# Getting started#

This page shows how to get started with PyMDE for four common tasks:

visualizing datasets in two or three dimensions;

generating feature vectors for supervised learning;

computing classical embeddings, like PCA and spectral embedding;

drawing graphs in 2 or 3 dimensions;

Note

To learn how to create custom embeddings (with custom objective functions and constraints), sanity check embeddings, identify possible outliers in the original data, embed new data, and more, see the MDE guide. (We recommend reading the getting started guide first.)

## What is an embedding?#

An *embedding* of a finite set of items (such as biological cells, images,
words, nodes in a graph, or any other abstract object) is an assignment of each
item to a vector of fixed length; the original items
are *embedded* or mapped into a real vector space. The length of the vectors is
called the *embedding dimension*. An embedding is represented concretely by a
matrix, in which each row is the embedding vector of an item.

Embeddings provide concrete numerical representations of abstract items, for use in downstream computational tasks. For example, when the embedding dimension is 2 or 3, embeddings can be used to create a sort of chart or atlas of the items. In such a chart, each point corresponds to an item, and its coordinates in space are given by the embedding vector. These visualizations can help scientists and analysts identify patterns or anomalies in the original data, and more generally make it easier to explore large collections of data. PyMDE can embed into 2 or 3 dimensions, but it can also be used to embed into many more dimensions, which is useful when generating features for machine learning tasks.

For an embedding to be useful, it must be faithful to the original data (the items) in some way.
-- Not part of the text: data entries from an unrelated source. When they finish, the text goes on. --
(* Let $\mathcal{P}=\bigcup_n \mathcal{P}_n$ be a p-quasirandom family of permutations. Then for every fixed word $\sigma=\sigma_1\ldots\sigma_k$ of $k$ distinct positive integers, the probability that a uniformly random $\pi\in\mathcal{P}_n$ contains $\sigma$ as a subsequence tends to $1/k!$ as $n\to\infty$ (over those $n$ with $\mathcal{P}_n\neq\emptyset$).
   Context: A permutation $\pi=\pi_1\ldots\pi_n\in\mathcal{S}_n$ contains a word $\sigma=\sigma_1\ldots\sigma_k$ of distinct letters as a subsequence if there are indices $i_1<\cdots<i_k$ with $\pi_{i_1}=\sigma_1,\ldots,\pi_{i_k}=\sigma_k$. Let $\mathcal{P}_n\subseteq\mathcal{S}_n$ be nonempty for infinitely many $n$ and $\mathcal{P}=\bigcup_n\mathcal{P}_n$. For $\tau\in\mathcal{S}_k$ and $\mathcal{P}_n\ne\emptyset$, let $f(n,\tau)$ be the fraction of permutations in $\mathcal{P}_n$ containing $\tau$ as a subsequence. $\mathcal{P}$ is p-quasirandom if for every $k\ge1$, $\lim_{n\to\infty}\max_{\tau\in\mathcal{S}_k}|f(n,\tau)-1/k!|=0$, the limit taken over $n$ with $\mathcal{P}_n\neq\emptyset$. *)

theory Defs
  imports Complex_Main
begin

definition perms :: "nat \<Rightarrow> nat list set" where
  "perms n = {\<pi>. distinct \<pi> \<and> set \<pi> = {1..n}}"
(* Let $\alpha,\gamma,\mu,\delta,\rho>0$, $\beta=\alpha+\gamma$, and consider \[ \dot P=P\big[(\beta-\mu)-2\beta P+(\delta-\beta)A\big],\qquad \dot A=-(2\delta P+\rho)A \] on $\mathcal F=\{(P,A): P\ge0,\ A\ge0,\ 2P+A\le1\}$. (i) If $\beta\le\mu$, then $E_0=(0,0)$ is globally asymptotically stable on $\mathcal F$: $P(t)\to0$ and $A(t)\to0$ for all initial conditions in $\mathcal F$. (ii) If $\beta>\mu$, then the edge $\{P=0\}$ is forward invariant; every initial condition with $P_0=0$ gives $P(t)\equiv0$, $A(t)\to0$, so the trajectory converges to $E_0$; every initial condition in $\mathcal F$ with $P_0>0$ converges to $E_1=\big(\tfrac12(1-\mu/\beta),0\big)$. In this regime $E_0$ is a saddle and $E_1$ is locally asymptotically stable. *)

theory Defs
  imports "HOL-Analysis.Analysis"
begin

definition pa_field :: "real \<Rightarrow> real \<Rightarrow> real \<Rightarrow> real \<Rightarrow> real \<Rightarrow> real \<times> real \<Rightarrow> real \<times> real" where
  "pa_field \<alpha> \<gamma> \<mu> \<delta> \<rho> z =
     (let \<beta> = \<alpha> + \<gamma>; p = fst z; a = snd z in
      (p * ((\<beta> - \<mu>) - 2 * \<beta> * p + (\<delta> - \<beta>) * a), - (2 * \<delta> * p + \<rho>) * a))"

definition feas :: "(real \<times> real) set" where
  "feas = {z. fst z \<ge> 0 \<and> snd z \<ge> 0 \<and> 2 * fst z + snd z \<le> 1}"

definition is_solution :: "('a::real_normed_vector \<Rightarrow> 'a) \<Rightarrow> (real \<Rightarrow> 'a) \<Rightarrow> bool" where
  "is_solution f x \<longleftrightarrow>
     (\<forall>t\<ge>0. (x has_vector_derivative f (x t)) (at t within {0..}))"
To make it easy to get started, PyMDE provides two high-level functions for creating embeddings, based on related but different notions of faithfulness. These functions handle the common case in which each item is associated with either an original high-dimensional vector or a node in a graph. The functions are

The first creates embeddings that focus on the local structure of the data, putting similar items near each other and dissimilar items not near each other. The second focuses more on the global structure, choosing embedding vectors to respect some notion of original distance or dissimilarity between items.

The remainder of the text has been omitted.